This Confession contains many interesting references to the personal history and apostolic labours of St. Patrick, which are not always remembered; and which ought to be separated from the more uncertain and controverted facts of his history.

His father was Calpornus, or Calpornius, a deacon, who was the son of Potitus, and Potitus was the son of Odissus, a priest. The text, however, leaves it doubtful whether the word priest belongs to Potitus or to Odissus.[89] His father dwelt in the township (vico) of Bannavem Taberniae. He had also a small villa not far off, “where I was made captive at the age of about sixteen years.” He was in ignorance of the knowledge of the true God,[90] which is to be understood of his defective training as a Christian during the years of his boyhood; for he adds that he did not keep God’s Commandments, and was not obedient to the priests—our priests—as he calls them, when they admonished him to attend to his salvation. Therefore it was God punished him by this captivity in a strange land, at the end of the world. But that God pitied his youth and ignorance, and showed him mercy, consoling the captive as a father consoles his son. For which he earnestly thanks God, and takes occasion to profess his faith in the Holy Trinity, as Arianism was then rampant in the Church. After much hesitation he resolved to write this Confession in order to show the true motives of his own heart to his friends and relations.
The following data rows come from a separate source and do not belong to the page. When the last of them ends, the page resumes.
(* Suppose a quantum algorithm $Q$ makes $T$ queries to a Boolean input $X\in\{0,1\}^N$. Then for all $\alpha,\delta>0$, one can approximate $Q$'s acceptance probability to within an additive error $\alpha$, on at least a $1-\delta$ fraction of inputs $X\in\{0,1\}^N$, by a deterministic classical algorithm making $\frac{2^{O(T)}}{\alpha^4\delta^4}$ queries to $X$ (with the constant in $O(T)$ absolute); moreover these classical queries are nonadaptive. *)

theory Defs
  imports Complex_Main
begin

(* The state space has orthonormal basis indexed by k < (N+1)*m, where
  k mod (N+1) is the query register (0 = no query, i+1 = query bit i of X)
  and k div (N+1) is the workspace register (m \<ge> 1 workspace states). *)

definition inputs :: "nat \<Rightarrow> (nat \<Rightarrow> bool) set" where
  "inputs N = {X. \<forall>i\<ge>N. \<not> X i}"

definition is_unitary :: "nat \<Rightarrow> (nat \<Rightarrow> nat \<Rightarrow> complex) \<Rightarrow> bool" where
  "is_unitary D U \<longleftrightarrow>
     (\<forall>j<D. \<forall>l<D. (\<Sum>k<D. cnj (U k j) * U k l) = (if j = l then 1 else 0))"

definition mat_apply :: "nat \<Rightarrow> (nat \<Rightarrow> nat \<Rightarrow> complex) \<Rightarrow> (nat \<Rightarrow> complex) \<Rightarrow> (nat \<Rightarrow> complex)" where
  "mat_apply D U v = (\<lambda>j. \<Sum>k<D. U j k * v k)"

definition phase_query :: "nat \<Rightarrow> (nat \<Rightarrow> bool) \<Rightarrow> (nat \<Rightarrow> complex) \<Rightarrow> (nat \<Rightarrow> complex)" where
  "phase_query N X v = (\<lambda>k. (if k mod (N + 1) = 0 then 1
                        else if X (k mod (N + 1) - 1) then -1 else 1) * v k)"

primrec qstate :: "nat \<Rightarrow> nat \<Rightarrow> (nat \<Rightarrow> nat \<Rightarrow> nat \<Rightarrow> complex) \<Rightarrow> (nat \<Rightarrow> bool) \<Rightarrow> nat \<Rightarrow> (nat \<Rightarrow> complex)" where
  "qstate N m U X 0 = mat_apply ((N + 1) * m) (U 0) (\<lambda>k. if k = 0 then 1 else 0)"
| "qstate N m U X (Suc t) = mat_apply ((N + 1) * m) (U (Suc t)) (phase_query N X (qstate N m U X t))"

definition acc_prob :: "nat \<Rightarrow> nat \<Rightarrow> (nat \<Rightarrow> nat \<Rightarrow> nat \<Rightarrow> complex) \<Rightarrow> nat set \<Rightarrow> nat \<Rightarrow> (nat \<Rightarrow> bool) \<Rightarrow> real" where
  "acc_prob N m U Acc T X = (\<Sum>k\<in>Acc. (cmod (qstate N m U X T k))\<^sup>2)"

definition quantum_query_alg :: "nat \<Rightarrow> nat \<Rightarrow> (nat \<Rightarrow> nat \<Rightarrow> nat \<Rightarrow> complex) \<Rightarrow> nat set \<Rightarrow> nat \<Rightarrow> bool" where
  "quantum_query_alg N m U Acc T \<longleftrightarrow>
     0 < m \<and> (\<forall>t\<le>T. is_unitary ((N + 1) * m) (U t)) \<and> Acc \<subseteq> {..<(N + 1) * m}"

definition nonadaptive_alg :: "nat \<Rightarrow> nat set \<Rightarrow> ((nat \<Rightarrow> bool) \<Rightarrow> real) \<Rightarrow> bool" where
  "nonadaptive_alg N S g \<longleftrightarrow>
     S \<subseteq> {..<N} \<and> (\<forall>X Y. (\<forall>i\<in>S. X i = Y i) \<longrightarrow> g X = g Y)"

end

theory Submission
  imports Defs "HOL-Computational_Algebra.Polynomial" "HOL-Analysis.Convex"
begin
The reason of his delay and hesitation was the rudeness of his style and language in consequence of his captivity when he had to make use of a strange tongue. But he should be forgiven, for the conversion of the Irish was the epistle of salvation, which he had written by deeds, not by words, not in ink, but in the Spirit of God. Though he was a stone sunk in the mire, a man of no account in the eyes of the world, yet God in His mercy exalted him; for which he will always give earnest thanks to God. Hence he wishes to make known God’s goodness in his regard, and to leave it as a legacy of God’s mercy to his brethren, and to the thousands of spiritual children whom he baptized.

When he came to Ireland (Hiberione), his daily employment was to feed cattle (pecora); but then it was the love of God began to grow within him, and he used to pray even up to a hundred times a day and as many in the night; he used to rise before the dawn to pray in the woods and mountains in the midst of rain, and hail, and snow.

One night he heard a voice saying to him in sleep—“your ship is ready”—and he travelled 200 miles to the port, where he had never been before, and where he knew no one. Thus after six years’ captivity he succeeded in reaching this port. The master of the vessel at first would not take him on board, but afterwards he relented, when Patrick was returning to the cottage where he had got lodging. He was called back, and invited to go on board as one of themselves; but he declined familiar intimacy[91] through fear of God, because they were Gentiles.

In three days they disembarked in a desert land, through which they travelled for twenty-eight days, and were well nigh starving, until relieved at the prayer of Patrick. Reference is then made to the great stone that seemed to fall upon him in a dream, from the weight of which he was relieved by invoking Elias. It seems, too, that he fell into a second captivity, which continued for two months; but the text here is uncertain, and can scarcely be relied on.

He succeeded, however, in reaching the home of his parents in Britain—in Britannis—and they most earnestly besought him to remain with them, now that he had escaped from so many dangers.

But the Angel Victor, in the guise of a man from Ireland, gave him a letter in which the “voice of the Irish” called him away; the voices of those who dwelt near the wood of Focluth, from which he seems to have escaped, also called upon him to come once more and walk amongst them. The Spirit of God, too, spoke within his soul and urged him to return to Ireland. The same Holy Spirit encouraged him to persevere when objection was made by certain elders to his elevation to the episcopacy. Therefore, he was encouraged to undertake the great task, and his conscience never blamed him for what he had done.

It would be tedious, he adds, to recount all his missionary labours, or even a part of them. Twelve times his life (anima) was in danger, from which God rescued him, and from many other plots and ambuscades also, and therein God rewarded him for giving up his parents and his country, and all their gifts, and heeding not their prayers and tears, that he might preach the Gospel in Ireland, where he had to endure insult and persecution even unto bonds. But he strove to do the work faithfully, and God blessed his efforts, and those wonderful things were accomplished by the apostle, to which we have already referred.

Hence, though anxious to visit his parents and his native country in Britain, and even to revisit the brethren in Gaul—here referred to for the first time—and to see the face of God’s Saints there, he was bowed in spirit, and would not leave his beloved converts, but resolved to spend the rest of his life amongst them.